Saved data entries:
'''

section \<open>Jensen's inequality for normalized sums of squares\<close>

lemma convex_on_compose_mono:
  fixes f :: "'a::real_vector \<Rightarrow> real"
  assumes f: "convex_on S f" and g: "convex_on T g" "mono_on T g" and "f ` S \<subseteq> T"
  shows "convex_on S (\<lambda>x. g (f x))"
  unfolding convex_on_def
proof (intro conjI ballI allI impI)
  show "convex S" using f by (rule convex_on_imp_convex)
  fix x y and u v :: real
  assume xy: "x \<in> S" "y \<in> S" and uv: "0 \<le> u" "0 \<le> v" "u + v = 1"
  have fxy: "f x \<in> T" "f y \<in> T" using assms(4) xy by auto
  have "u *\<^sub>R x + v *\<^sub>R y \<in> S"
    using \<open>convex S\<close> xy uv by (simp add: convex_def)
  moreover have "u * f x + v * f y \<in> T"
    using convex_on_imp_convex[OF g(1)] fxy uv by (simp add: convex_def)
  moreover have "f (u *\<^sub>R x + v *\<^sub>R y) \<le> u * f x + v * f y"
    using f xy uv by (simp add: convex_on_def)
  ultimately have "g (f (u *\<^sub>R x + v *\<^sub>R y)) \<le> g (u * f x + v * f y)"
    using g(2) assms(4) by (auto intro: mono_onD)
  also have "\<dots> \<le> u * g (f x) + v * g (f y)"
    using g(1) fxy uv by (simp add: convex_on_def)
  finally show "g (f (u *\<^sub>R x + v *\<^sub>R y)) \<le> u * g (f x) + v * g (f y)" .
qed

lemma convex_on_ln_neg_sq: "convex_on {0<..} ln_neg_sq"
proof -
  have "convex_on UNIV (\<lambda>y::real. max y 0)"
    unfolding convex_on_def
  proof (intro conjI ballI allI impI)
    fix x y u v :: real
    assume "0 \<le> u" "0 \<le> v"
    then have "u * x \<le> u * max x 0" "v * y \<le> v * max y 0"
      by (simp_all add: mult_left_mono)
    with \<open>0 \<le> u\<close> \<open>0 \<le> v\<close> show "max (u *\<^sub>R x + v *\<^sub>R y) 0 \<le> u * max x 0 + v * max y 0"
      by simp
  qed simp
  moreover have "convex_on {0..} (\<lambda>y::real. y\<^sup>2)"
    by (rule convex_on_subset[OF convex_power2]) auto
  moreover have "mono_on {0..} (\<lambda>y::real. y\<^sup>2)"
    by (auto intro!: mono_onI power_mono)
  ultimately have "convex_on UNIV (\<lambda>y::real. (max y 0)\<^sup>2)"
    by (rule convex_on_compose_mono) auto
  moreover have "mono_on UNIV (\<lambda>y::real. (max y 0)\<^sup>2)"
    by (auto intro!: mono_onI power_mono)
  moreover have "convex_on {0<..} (\<lambda>s. - ln s)"
    using ln_concave by (simp add: concave_on_def)
  ultimately show ?thesis
    unfolding ln_neg_sq_def[abs_def] using convex_on_compose_mono[of "{0<..}" "\<lambda>s. - ln s" UNIV] by simp
qed

lemma integrable_squeeze:
  fixes f g h :: "'a \<Rightarrow> real"
  assumes "integrable M g" "integrable M h" "f \<in> borel_measurable M"
    and "AE x in M. g x \<le> f x \<and> f x \<le> h x"
  shows "integrable M f"
proof (rule Bochner_Integration.integrable_bound[where f = "\<lambda>x. \<bar>g x\<bar> + \<bar>h x\<bar>"])
  show "integrable M (\<lambda>x. \<bar>g x\<bar> + \<bar>h x\<bar>)"
    by (intro Bochner_Integration.integrable_add integrable_abs assms(1,2))
  show "AE x in M. norm (f x) \<le> norm (\<bar>g x\<bar> + \<bar>h x\<bar>)"
    using assms(4) by eventually_elim auto
qed (rule assms(3))

locale normalized_sum_of_squares =
  fixes J :: "'i set" and v :: "'i \<Rightarrow> real^'n" and q :: "real^'n \<Rightarrow> real"
  assumes finite_J: "finite J"
    and nonzero: "\<And>k. k \<in> J \<Longrightarrow> v k \<noteq> 0"
    and sum_norm_sq: "(\<Sum>k\<in>J. (norm (v k))\<^sup>2) = 1"
    and q_eq: "q = (\<lambda>x. \<Sum>k\<in>J. (v k \<bullet> x)\<^sup>2)"
begin

lemma q_eq_convex_combination: "q x = (\<Sum>k\<in>J. (norm (v k))\<^sup>2 *\<^sub>R (sgn (v k) \<bullet> x)\<^sup>2)"
  unfolding q_eq
  by (intro sum.cong refl) (simp add: nonzero sgn_div_norm power_mult_distrib field_simps)

lemma norm_sgn_v: "k \<in> J \<Longrightarrow> norm (sgn (v k)) = 1"
  by (simp add: nonzero norm_sgn)

lemma AE_inner_sq_pos: "AE x in std_gaussian. \<forall>k\<in>J. 0 < (sgn (v k) \<bullet> x)\<^sup>2"
proof (rule AE_finite_allI[OF finite_J])
  fix k assume "k \<in> J"
  from AE_std_gaussian_inner_nonzero[OF norm_sgn_v[OF this]]
  show "AE x in std_gaussian. 0 < (sgn (v k) \<bullet> x)\<^sup>2" by simp
qed

lemma J_nonempty: "J \<noteq> {}"
  using sum_norm_sq by auto

lemma q_pos:
  assumes "\<forall>k\<in>J. 0 < (sgn (v k) \<bullet> x)\<^sup>2"
  shows "0 < q x"
  unfolding q_eq_convex_combination using finite_J J_nonempty nonzero assms by (intro sum_pos) auto

lemma jensen_q:
  assumes "convex_on {0<..} f" "\<forall>k\<in>J. 0 < (sgn (v k) \<bullet> x)\<^sup>2"
  shows "f (q x) \<le> (\<Sum>k\<in>J. (norm (v k))\<^sup>2 * f ((sgn (v k) \<bullet> x)\<^sup>2))"
  unfolding q_eq_convex_combination
  by (rule convex_on_sum[OF finite_J J_nonempty assms(1) sum_norm_sq]) (use assms(2) in auto)

lemma integrable_q: "integrable std_gaussian q"
  and integral_q: "integral\<^sup>L std_gaussian q = 1"
  using integrable_std_gaussian_sum_squares[OF finite_J, of v]
    integral_std_gaussian_sum_squares[OF finite_J, of v]
  by (simp_all add: q_eq sum_norm_sq)

lemma borel_measurable_q [measurable]: "q \<in> borel_measurable std_gaussian"
  using integrable_q by (rule borel_measurable_integrable)

lemma
  shows integrable_ln_q: "integrable std_gaussian (\<lambda>x. ln (q x))"
    and integral_ln_q_ge: "C0 \<le> integral\<^sup>L std_gaussian (\<lambda>x. ln (q x))"
    and integral_ln_q_le: "integral\<^sup>L std_gaussian (\<lambda>x. ln (q x)) \<le> 0"
proof -
  interpret prob_space "std_gaussian :: (real^'n) measure" by (rule prob_space_std_gaussian)
  let ?L = "\<lambda>x. \<Sum>k\<in>J. (norm (v k))\<^sup>2 * ln ((sgn (v k) \<bullet> x)\<^sup>2)"
  have L: "integrable std_gaussian ?L"
    by (intro Bochner_Integration.integrable_sum integrable_mult_right
        integrable_std_gaussian_ln_inner_sq norm_sgn_v)
  have "integral\<^sup>L std_gaussian ?L = (\<Sum>k\<in>J. (norm (v k))\<^sup>2 * C0)"
    by (simp add: integral_sum integrable_std_gaussian_ln_inner_sq
        integral_std_gaussian_ln_inner_sq norm_sgn_v)
  then have integral_L: "integral\<^sup>L std_gaussian ?L = C0"
    by (simp add: sum_distrib_right[symmetric] sum_norm_sq)
  have q_minus_1: "integrable std_gaussian (\<lambda>x. q x - 1)"
    using integrable_q by simp
  have bounds: "AE x in std_gaussian. ?L x \<le> ln (q x) \<and> ln (q x) \<le> q x - 1"
    using AE_inner_sq_pos
  proof eventually_elim
    case (elim x)
    have "convex_on {0<..} (\<lambda>s. - ln s)" using ln_concave by (simp add: concave_on_def)
    from jensen_q[OF this elim] have "?L x \<le> ln (q x)" by (simp add: sum_negf)
    moreover have "ln (q x) \<le> q x - 1" using q_pos[OF elim] by (rule ln_le_minus_one)
    ultimately show ?case ..
  qed
  show "integrable std_gaussian (\<lambda>x. ln (q x))"
    by (rule integrable_squeeze[OF L q_minus_1 _ bounds]) measurable
  then show "C0 \<le> integral\<^sup>L std_gaussian (\<lambda>x. ln (q x))"
    using integral_mono_AE[OF L _ AE_mp[OF bounds]] integral_L by auto
  have "integral\<^sup>L std_gaussian (\<lambda>x. ln (q x)) \<le> integral\<^sup>L std_gaussian (\<lambda>x. q x - 1)"
    using \<open>integrable std_gaussian (\<lambda>x. ln (q x))\<close> q_minus_1 bounds
    by (intro integral_mono_AE) (auto elim: AE_mp)
  also have "\<dots> = 0" using integrable_q integral_q prob_space by simp
  finally show "integral\<^sup>L std_gaussian (\<lambda>x. ln (q x)) \<le> 0" .
qed

lemma
  shows integrable_ln_q_sq: "integrable std_gaussian (\<lambda>x. (ln (q x))\<^sup>2)"
    and integral_ln_q_sq_le: "integral\<^sup>L std_gaussian (\<lambda>x. (ln (q x))\<^sup>2) \<le> 8"
proof -
  let ?N = "\<lambda>x. \<Sum>k\<in>J. (norm (v k))\<^sup>2 * ln_neg_sq ((sgn (v k) \<bullet> x)\<^sup>2)"
  have N: "integrable std_gaussian ?N"
    by (intro Bochner_Integration.integrable_sum integrable_mult_right
        integrable_std_gaussian_ln_neg_sq_inner_sq norm_sgn_v)
  have "integral\<^sup>L std_gaussian ?N \<le> (\<Sum>k\<in>J. (norm (v k))\<^sup>2 * 7)"
    by (auto simp: integral_sum integrable_std_gaussian_ln_neg_sq_inner_sq norm_sgn_v
        intro!: sum_mono mult_left_mono integral_std_gaussian_ln_neg_sq_inner_sq_le)
  then have integral_N: "integral\<^sup>L std_gaussian ?N \<le> 7"
    by (simp add: sum_distrib_right[symmetric] sum_norm_sq)
  have N_q: "integrable std_gaussian (\<lambda>x. ?N x + q x)"
    using N integrable_q by simp
  have bounds: "AE x in std_gaussian. 0 \<le> (ln (q x))\<^sup>2 \<and> (ln (q x))\<^sup>2 \<le> ?N x + q x"
    using AE_inner_sq_pos
  proof eventually_elim
    case (elim x)
    have "(ln (q x))\<^sup>2 \<le> ln_neg_sq (q x) + q x"
      by (rule ln_sq_le_ln_neg_sq_add[OF q_pos[OF elim]])
    with jensen_q[OF convex_on_ln_neg_sq elim] show ?case by simp
  qed
  show integrable: "integrable std_gaussian (\<lambda>x. (ln (q x))\<^sup>2)"
    by (rule integrable_squeeze[OF integrable_zero N_q _ bounds]) measurable
  have "integral\<^sup>L std_gaussian (\<lambda>x. (ln (q x))\<^sup>2) \<le> integral\<^sup>L std_gaussian (\<lambda>x. ?N x + q x)"
    using bounds by (intro integral_mono_AE[OF integrable N_q]) (auto elim: AE_mp)
  also have "\<dots> = integral\<^sup>L std_gaussian ?N + 1"
    using N integrable_q integral_q by simp
  finally show "integral\<^sup>L std_gaussian (\<lambda>x. (ln (q x))\<^sup>2) \<le> 8"
    using integral_N by simp
qed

'''

Problem details: Each line with the word "forall" in the records above belongs in the result; copy all of them.

Solved exercise:
lemma AE_inner_sq_pos: "AE x in std_gaussian. \<forall>k\<in>J. 0 < (sgn (v k) \<bullet> x)\<^sup>2"
  assumes "\<forall>k\<in>J. 0 < (sgn (v k) \<bullet> x)\<^sup>2"
  assumes "convex_on {0<..} f" "\<forall>k\<in>J. 0 < (sgn (v k) \<bullet> x)\<^sup>2"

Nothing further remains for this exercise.